On taking a debug exception to ELd, the debugger code can interpret the cause of exception from the following:

  • The event type and syndrome that is encoded in the ESR_ELx register
  • For a Watchpoint exception, FAR_ELx indicates the watchpointed address.

    Self-hosted debug supports the following debug exceptions:

  • Breakpoint instruction: This event is generated whenever the PE executes a BRK instruction.
  • Breakpoint: This event is generated whenever the PE tries to execute an instruction from a particular address.
  • Watchpoint: This event is generated whenever the PE accesses data from a particular address.
  • Software step: This event is generated immediately after the PE executes an instruction.

Breakpoints and watchpoints are resources that are shared between self-hosted and external debuggers. If halt mode debug is enabled, a watchpoint or breakpoint event causes the PE to enter debug state. Otherwise, a debug exception is generated if self-hosted debug is enabled.

Breakpoint Instruction exception

Whenever the breakpoint instruction, BRK, is committed for execution, the PE takes a Breakpoint Instruction exception. The Breakpoint Instruction exception cannot be masked. This means that the Breakpoint exceptions are always generated when the PE attempts to execute a BRK instruction. The Breakpoint Instruction exception is also called a software breakpoint.

The debugger code replaces the instruction in the program with a BRK instruction wherever it wants to halt the execution of a program. On exception, the debugger code replaces the BRK instruction with the original instruction before returning from the debug exception.

The following diagram illustrates the Breakpoint Instruction exception when the PE executes a BRK instruction at EL0:

 
Breakpoint exception

A Breakpoint exception is generated whenever the PE tries to execute an instruction from a particular address. There are hardware breakpoint registers that can be programmed with the address of the application code. When the PE attempts to execute an instruction from the programmed address, it generates a Breakpoint exception. Breakpoint setup uses hardware registers, so is commonly called a hardware breakpoint.

Here are instructions for programming a Breakpoint exception:

  1. The debugger programs the address of the instruction into the breakpoint value register, DBGBVR.
  2. The debugger enables the breakpoint in the breakpoint control register, DBGBCR, by setting the enable bit DBGBCR.E to generate the Breakpoint exception.

The following diagram illustrates a Breakpoint exception when the PE attempts to execute an instruction for which a breakpoint is set up:

 

Hardware breakpoints can be programmed to generate Breakpoint exceptions that are based on one of the following:

  • Unlinked instruction address match: Breakpoint matches when the PE executes from a virtual address with the same value as the DBGBVR register, and the current state of the PE matches the settings in DBGBCR.

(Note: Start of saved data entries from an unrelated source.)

(* Let $L>0$ and let $a\in C^1_{\mathrm{pw}}[-L,L]$ with $a\ge a_{\min}>0$, and let $-L=z_0<\dots<z_N=L$ be a partition such that $a\in C^1[z_{j-1},z_j]$ and $a'$ is either $>0$ throughout or $\le0$ throughout on each $\tau_j=(z_{j-1},z_j)$. Define $\tilde a$ on each $\tau_j$ by $\tilde a=a$ if $a'>0$ on $\tau_j$, and $\tilde a\equiv a^+(z_{j-1})$ if $a'\le0$ on $\tau_j$ (right-continuous at $z_j$, $j<N$, left-continuous at $z_N$). Then $\mathrm{Var}(\tilde a)\le\mathrm{Var}(a)$. The analogous statement holds for a function $c$ of the same type.
   Context: $C^1_{\mathrm{pw}}[-L,L]$ is the set of $g:[-L,L]\to\mathbb{R}$ for which there is a finite partition $-L=z_0<\dots<z_N=L$ with $g\in C^1[z_{j-1},z_j]$ for each $j$ and, on each $(z_{j-1},z_j)$, either $g'>0$ throughout or $g'\le0$ throughout. For $g$ and such a partition: $g^\pm(z_j)$ are the right/left one-sided limits, $[g]_{z_j}=g^-(z_j)-g^+(z_j)$ for $1\le j\le N-1$, $\partial_{\mathrm{pw}}g=g'$ on each $(z_{j-1},z_j)$, and $\mathrm{Var}(g)=\sum_{\ell=1}^{N-1}|[g]_{z_\ell}|+\int_{-L}^L|\partial_{\mathrm{pw}}g(s)|\,ds$ (here computed with respect to the partition above). *)

theory Defs
  imports "HOL-Analysis.Analysis"
begin

definition is_partition :: "real \<Rightarrow> (nat \<Rightarrow> real) \<Rightarrow> nat \<Rightarrow> bool" where
  "is_partition L z N \<longleftrightarrow> 1 \<le> N \<and> z 0 = -L \<and> z N = L \<and> (\<forall>j<N. z j < z (Suc j))"

definition C1_piece :: "(real \<Rightarrow> real) \<Rightarrow> real \<Rightarrow> real \<Rightarrow> bool" where
  "C1_piece g x y \<longleftrightarrow> (\<exists>h h'. (\<forall>s\<in>{x..y}. (h has_real_derivative h' s) (at s within {x..y}))
       \<and> continuous_on {x..y} h' \<and> (\<forall>s\<in>{x<..<y}. g s = h s))"

definition incr_piece :: "(real \<Rightarrow> real) \<Rightarrow> real \<Rightarrow> real \<Rightarrow> bool" where
  "incr_piece g x y \<longleftrightarrow> (\<forall>s\<in>{x<..<y}. deriv g s > 0)"

definition nonincr_piece :: "(real \<Rightarrow> real) \<Rightarrow> real \<Rightarrow> real \<Rightarrow> bool" where
  "nonincr_piece g x y \<longleftrightarrow> (\<forall>s\<in>{x<..<y}. deriv g s \<le> 0)"

definition C1pw_wrt :: "(nat \<Rightarrow> real) \<Rightarrow> nat \<Rightarrow> (real \<Rightarrow> real) \<Rightarrow> bool" where
  "C1pw_wrt z N g \<longleftrightarrow> (\<forall>j\<in>{1..N}. C1_piece g (z (j-1)) (z j)
       \<and> (incr_piece g (z (j-1)) (z j) \<or> nonincr_piece g (z (j-1)) (z j)))"

text \<open>Piecewise derivative (set to 0 at the partition points, a null set).\<close>
definition pw_deriv :: "(nat \<Rightarrow> real) \<Rightarrow> nat \<Rightarrow> (real \<Rightarrow> real) \<Rightarrow> real \<Rightarrow> real" where
  "pw_deriv z N g s = (if \<exists>j\<in>{1..N}. s \<in> {z (j-1)<..<z j} then deriv g s else 0)"

definition Var_pw :: "(nat \<Rightarrow> real) \<Rightarrow> nat \<Rightarrow> (real \<Rightarrow> real) \<Rightarrow> real" where
  "Var_pw z N g = (\<Sum>l\<in>{1..N-1}. \<bar>Lim (at_left (z l)) g - Lim (at_right (z l)) g\<bar>)
      + integral {z 0..z N} (\<lambda>s. \<bar>pw_deriv z N g s\<bar>)"

definition atilde :: "(nat \<Rightarrow> real) \<Rightarrow> nat \<Rightarrow> (real \<Rightarrow> real) \<Rightarrow> real \<Rightarrow> real" where
  "atilde z N a s =
    (if s = z N then
       (if incr_piece a (z (N-1)) (z N) then Lim (at_left (z N)) a
        else Lim (at_right (z (N-1))) a)
     else if z 0 \<le> s \<and> s < z N then
       (let j = (THE j. 1 \<le> j \<and> j \<le> N \<and> z (j-1) \<le> s \<and> s < z j) in
         if s = z (j-1) then Lim (at_right (z (j-1))) a
         else if incr_piece a (z (j-1)) (z j) then a s
         else Lim (at_right (z (j-1))) a)
     else 0)"

end

theory Submission
  imports Defs
begin

text \<open>On each piece \<open>a\<close> agrees with a \<open>C\<^sup>1\<close> function \<open>H\<^sub>j\<close> on the closed piece, so \<open>Var(a)\<close>
  is the sum of the jumps \<open>\<bar>H\<^sub>l(z\<^sub>l) - H\<^sub>l\<^sub>+\<^sub>1(z\<^sub>l)\<bar>\<close> and of the integrals \<open>I\<^sub>j = \<integral>\<bar>H\<^sub>j'\<bar>\<close>.
  Replacing \<open>a\<close> by the constant \<open>H\<^sub>j(z\<^sub>j\<^sub>-\<^sub>1)\<close> on a non-increasing piece removes \<open>I\<^sub>j\<close>
  from the integral part and changes only the jump at \<open>z\<^sub>j\<close>, by at most
  \<open>\<bar>H\<^sub>j(z\<^sub>j) - H\<^sub>j(z\<^sub>j\<^sub>-\<^sub>1)\<bar> \<le> I\<^sub>j\<close> (triangle inequality and the fundamental theorem of calculus).\<close>

lemma partition_less:
  assumes "\<forall>j<N. z j < z (Suc j)" "i < k" "k \<le> N"
  shows "z i < (z k :: real)"
  using assms(2,3)
proof (induction k)
  case (Suc k)
  have "z k < z (Suc k)" using assms(1) Suc.prems by auto
  then show ?case using Suc by (cases "i = k") auto
qed simp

    Unlinked Context ID match: Breakpoint matches when the PE executes an instruction while CONTEXTIDR_EL1, CONTEXTIDR_EL2 is the same as the DBGBVR register, and the current state of the PE matches the settings in DBGBCR. DBGBCR.BT defines whether CONTEXTIDR_EL1, CONTEXTIDR_EL2, or both, are used.

    These breakpoints route the control to the debugger when an application, an operating system, or an application within an operating system, is scheduled for execution.

    CONTEXTIDR_EL1 is programmed by the debugger with an application identifier.

    CONTEXTIDR_EL2 is programmed by the debugger with an operating system identifier.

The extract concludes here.